# Task inputs
(* Let $D$ be a diagram of a knot $K$, let $n=\omega(D)$ be its Wirtinger number, and let $E=\{e_1,\dots,e_n\}$ be a generating set of seeds for $D$ with $n$ elements. For each finite Coxeter group $H$ with $r(H)=n$, fix a robust subset $\mathcal{A}_H\subseteq \mathrm{Gen}(H)$. Consider the following search: for every finite Coxeter group $H$ with $r(H)=n$, every $R\in\mathcal{A}_H$ and every bijection $f:E\to R$, label each seed $e_i$ by $f(e_i)$, extend the labeling along a complete coloring sequence starting from $E$ (at each coloring move with overstrand $o$ and understrands $u_1,u_2$, where $u_2$ is the newly colored strand, set the label of $u_2$ to $g_o g_{u_1} g_o$), and then test whether the resulting labeling of all strands is an $H$-coloring of $D$. Then $D$ exhibits a maximal rank quotient onto a finite Coxeter group, i.e. there is a finite Coxeter group $H$ with $r(H)=\omega(D)$ and a surjective homomorphism $\pi_1(S^3\setminus K)\twoheadrightarrow H$ sending meridians to reflections, if and only if this search finds some $H$, $R$ and $f$ for which the test succeeds. Moreover, the search succeeds for a given $H$ exactly when such a surjection onto that $H$ exists.
   Context: A Coxeter group $C(\Gamma)$ is given by a finite simple graph $\Gamma$ with edges labeled by integers $>1$. It is generated by elements in bijection with the vertices of $\Gamma$, subject to the relations $s^2=1$ for every generator $s$ and $(st)^k=1$ whenever $s,t$ are joined by an edge of weight $k$. A reflection is any element conjugate to one of these generators. The Coxeter rank $r(G)$ is the minimal cardinality of a generating set of $G$ consisting of reflections. A homomorphism from a knot group to a Coxeter group is called good if it maps meridians to reflections. Diagram notions. The strands of a diagram $D$ are its arcs, i.e. the overstrands between undercrossings. At a crossing $c$ let $o$ be the overstrand and $u_1,u_2$ the two understrands. Given a set $W$ of "colored" strands, a coloring move at $c$ is possible when $o,u_1\in W$ and $u_2\notin W$; it replaces $W$ by $W\cup\{u_2\}$. A set of $n$ strands is a generating set of seeds if some sequence of coloring moves starting from it colors every strand of $D$; such a sequence is a complete coloring sequence. The Wirtinger number $\omega(D)$ is the smallest size of a generating set of seeds for $D$. For a group $G$, a $G$-coloring of $D$ by reflections is an assignment $s\mapsto g_s$ of a reflection $g_s\in G$ to each strand $s$ such that at every crossing with overstrand $o$ and understrands $u_1,u_2$ one has $g_o g_{u_1} g_o^{-1}=g_{u_2}$. Since reflections are involutions, this condition does not depend on orientations. Robust sets. $\mathrm{Gen}(H)$ is the set of all generating sets of $H$ that consist of exactly $r(H)$ reflections. Two such sets $\{r_i\}$ and $\{\rho_i\}$ are equivalent if there is $g\in H$ with $\{g^{-1}r_ig\}=\{\rho_i\}$. A subset $\mathcal{A}\subseteq\mathrm{Gen}(H)$ is robust if it contains at least one member of every equivalence class. *)

theory Defs
  imports "HOL-Algebra.Algebra"
begin

text \<open>Words over generators Gs: letters (x, True) = x, (x, False) = x^-1.
  One rewriting step deletes a relator or a cancelling pair x x^-1 from a word.\<close>

definition pres_step :: "'g set \<Rightarrow> ('g \<times> bool) list set \<Rightarrow> ('g \<times> bool) list \<Rightarrow> ('g \<times> bool) list \<Rightarrow> bool" where
  "pres_step Gs R u v \<longleftrightarrow>
     (\<exists>xs ys r. u = xs @ r @ ys \<and> v = xs @ ys \<and>
        (r \<in> R \<or> (\<exists>x b. x \<in> Gs \<and> r = [(x, b), (x, \<not> b)])))"

definition pres_eq :: "'g set \<Rightarrow> ('g \<times> bool) list set \<Rightarrow> ('g \<times> bool) list \<Rightarrow> ('g \<times> bool) list \<Rightarrow> bool" where
  "pres_eq Gs R = equivclp (pres_step Gs R)"

definition pres_class :: "'g set \<Rightarrow> ('g \<times> bool) list set \<Rightarrow> ('g \<times> bool) list \<Rightarrow> ('g \<times> bool) list set" where
  "pres_class Gs R w = {v. pres_eq Gs R w v}"

definition presented_group :: "'g set \<Rightarrow> ('g \<times> bool) list set \<Rightarrow> ('g \<times> bool) list set monoid" where
  "presented_group Gs R =
     \<lparr> carrier = pres_class Gs R ` lists (Gs \<times> UNIV),
       monoid.mult = (\<lambda>A B. {v. \<exists>a\<in>A. \<exists>b\<in>B. pres_eq Gs R (a @ b) v}),
       one = pres_class Gs R [] \<rparr>"

definition pres_gen :: "'g set \<Rightarrow> ('g \<times> bool) list set \<Rightarrow> 'g \<Rightarrow> ('g \<times> bool) list set" where
  "pres_gen Gs R x = pres_class Gs R [(x, True)]"

text \<open>A Coxeter graph: finite vertex set V (vertices are naturals), weight function m,
  symmetric; distinct s t in V are joined by an edge of weight m s t iff m s t > 1.\<close>
definition coxeter_graph :: "nat set \<Rightarrow> (nat \<Rightarrow> nat \<Rightarrow> nat) \<Rightarrow> bool" where
  "coxeter_graph V m \<longleftrightarrow> finite V \<and> (\<forall>s t. m s t = m t s)"

definition cox_rels :: "nat set \<Rightarrow> (nat \<Rightarrow> nat \<Rightarrow> nat) \<Rightarrow> (nat \<times> bool) list set" where
  "cox_rels V m =
     {[(s, True), (s, True)] | s. s \<in> V} \<union>
     {concat (replicate (m s t) [(s, True), (t, True)]) | s t. s \<in> V \<and> t \<in> V \<and> s \<noteq> t \<and> m s t > 1}"

definition cox_group :: "nat set \<Rightarrow> (nat \<Rightarrow> nat \<Rightarrow> nat) \<Rightarrow> (nat \<times> bool) list set monoid" where
  "cox_group V m = presented_group V (cox_rels V m)"

definition reflections :: "nat set \<Rightarrow> (nat \<Rightarrow> nat \<Rightarrow> nat) \<Rightarrow> (nat \<times> bool) list set set" where
  "reflections V m =
     {g \<otimes>\<^bsub>cox_group V m\<^esub> pres_gen V (cox_rels V m) s \<otimes>\<^bsub>cox_group V m\<^esub> inv\<^bsub>cox_group V m\<^esub> g
       | g s. g \<in> carrier (cox_group V m) \<and> s \<in> V}"

definition coxeter_rank :: "('a, 'b) monoid_scheme \<Rightarrow> 'a set \<Rightarrow> nat" where
  "coxeter_rank H Rfl =
     (LEAST k. \<exists>T. T \<subseteq> Rfl \<and> finite T \<and> card T = k \<and> generate H T = carrier H)"

definition Gen_sets :: "('a, 'b) monoid_scheme \<Rightarrow> 'a set \<Rightarrow> 'a set set" where
  "Gen_sets H Rfl =
     {T. T \<subseteq> Rfl \<and> finite T \<and> card T = coxeter_rank H Rfl \<and> generate H T = carrier H}"

definition gen_equiv :: "('a, 'b) monoid_scheme \<Rightarrow> 'a set \<Rightarrow> 'a set \<Rightarrow> bool" where
  "gen_equiv H R1 R2 \<longleftrightarrow> (\<exists>g \<in> carrier H. (\<lambda>r. inv\<^bsub>H\<^esub> g \<otimes>\<^bsub>H\<^esub> r \<otimes>\<^bsub>H\<^esub> g) ` R1 = R2)"

definition robust :: "('a, 'b) monoid_scheme \<Rightarrow> 'a set \<Rightarrow> 'a set set \<Rightarrow> bool" where
  "robust H Rfl \<A> \<longleftrightarrow> \<A> \<subseteq> Gen_sets H Rfl \<and>
     (\<forall>R \<in> Gen_sets H Rfl. \<exists>R' \<in> \<A>. gen_equiv H R R')"

text \<open>A knot diagram with N crossings is encoded by the list cr of length N: traversing the
  oriented knot, the i-th undercrossing met is crossing i, with overstrand fst (cr ! i) and sign
  snd (cr ! i); the strands (arcs) are 0..<max 1 N, strand i runs from undercrossing i-1 to
  undercrossing i, so crossing i has understrands i and (i+1) mod N.\<close>
definition num_strands :: "(nat \<times> bool) list \<Rightarrow> nat" where
  "num_strands cr = max 1 (length cr)"

definition strands :: "(nat \<times> bool) list \<Rightarrow> nat set" where
  "strands cr = {0..<num_strands cr}"

definition knot_diagram :: "(nat \<times> bool) list \<Rightarrow> bool" where
  "knot_diagram cr \<longleftrightarrow> (\<forall>c \<in> set cr. fst c < num_strands cr)"

text \<open>Crossings as triples (overstrand, understrand, understrand).\<close>
definition crossings :: "(nat \<times> bool) list \<Rightarrow> (nat \<times> nat \<times> nat) set" where
  "crossings cr = {(fst (cr ! i), i, Suc i mod length cr) | i. i < length cr}"

definition moves :: "(nat \<times> bool) list \<Rightarrow> (nat \<times> nat \<times> nat) set" where
  "moves cr = crossings cr \<union> {(ov, u2, u1) | ov u1 u2. (ov, u1, u2) \<in> crossings cr}"

fun valid_seq :: "(nat \<times> bool) list \<Rightarrow> nat set \<Rightarrow> (nat \<times> nat \<times> nat) list \<Rightarrow> bool" where
  "valid_seq cr W [] = True"
| "valid_seq cr W ((ov, u1, u2) # \<sigma>) \<longleftrightarrow>
     (ov, u1, u2) \<in> moves cr \<and> ov \<in> W \<and> u1 \<in> W \<and> u2 \<notin> W \<and> valid_seq cr (insert u2 W) \<sigma>"

definition complete_seq :: "(nat \<times> bool) list \<Rightarrow> nat set \<Rightarrow> (nat \<times> nat \<times> nat) list \<Rightarrow> bool" where
  "complete_seq cr E \<sigma> \<longleftrightarrow> E \<subseteq> strands cr \<and> valid_seq cr E \<sigma> \<and>
     E \<union> set (map (\<lambda>(ov, u1, u2). u2) \<sigma>) = strands cr"

definition gen_seeds :: "(nat \<times> bool) list \<Rightarrow> nat set \<Rightarrow> bool" where
  "gen_seeds cr E \<longleftrightarrow> (\<exists>\<sigma>. complete_seq cr E \<sigma>)"

definition wirtinger_number :: "(nat \<times> bool) list \<Rightarrow> nat" where
  "wirtinger_number cr = (LEAST k. \<exists>E. gen_seeds cr E \<and> finite E \<and> card E = k)"

text \<open>Knot group via the Wirtinger presentation of the diagram:
  relator x_{i+1}^-1 x_o^e x_i x_o^-e at crossing i.\<close>
definition wirt_rels :: "(nat \<times> bool) list \<Rightarrow> (nat \<times> bool) list set" where
  "wirt_rels cr = {[(Suc i mod length cr, False), (fst (cr ! i), snd (cr ! i)), (i, True),
                    (fst (cr ! i), \<not> snd (cr ! i))] | i. i < length cr}"

definition knot_group :: "(nat \<times> bool) list \<Rightarrow> (nat \<times> bool) list set monoid" where
  "knot_group cr = presented_group (strands cr) (wirt_rels cr)"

# Assigned task
Only lines holding the word "open" belong in the answer; copy all of them from the records.

# Your solution
text \<open>Words over generators Gs: letters (x, True) = x, (x, False) = x^-1.
text \<open>A Coxeter graph: finite vertex set V (vertices are naturals), weight function m,
text \<open>A knot diagram with N crossings is encoded by the list cr of length N: traversing the
text \<open>Crossings as triples (overstrand, understrand, understrand).\<close>
text \<open>Knot group via the Wirtinger presentation of the diagram:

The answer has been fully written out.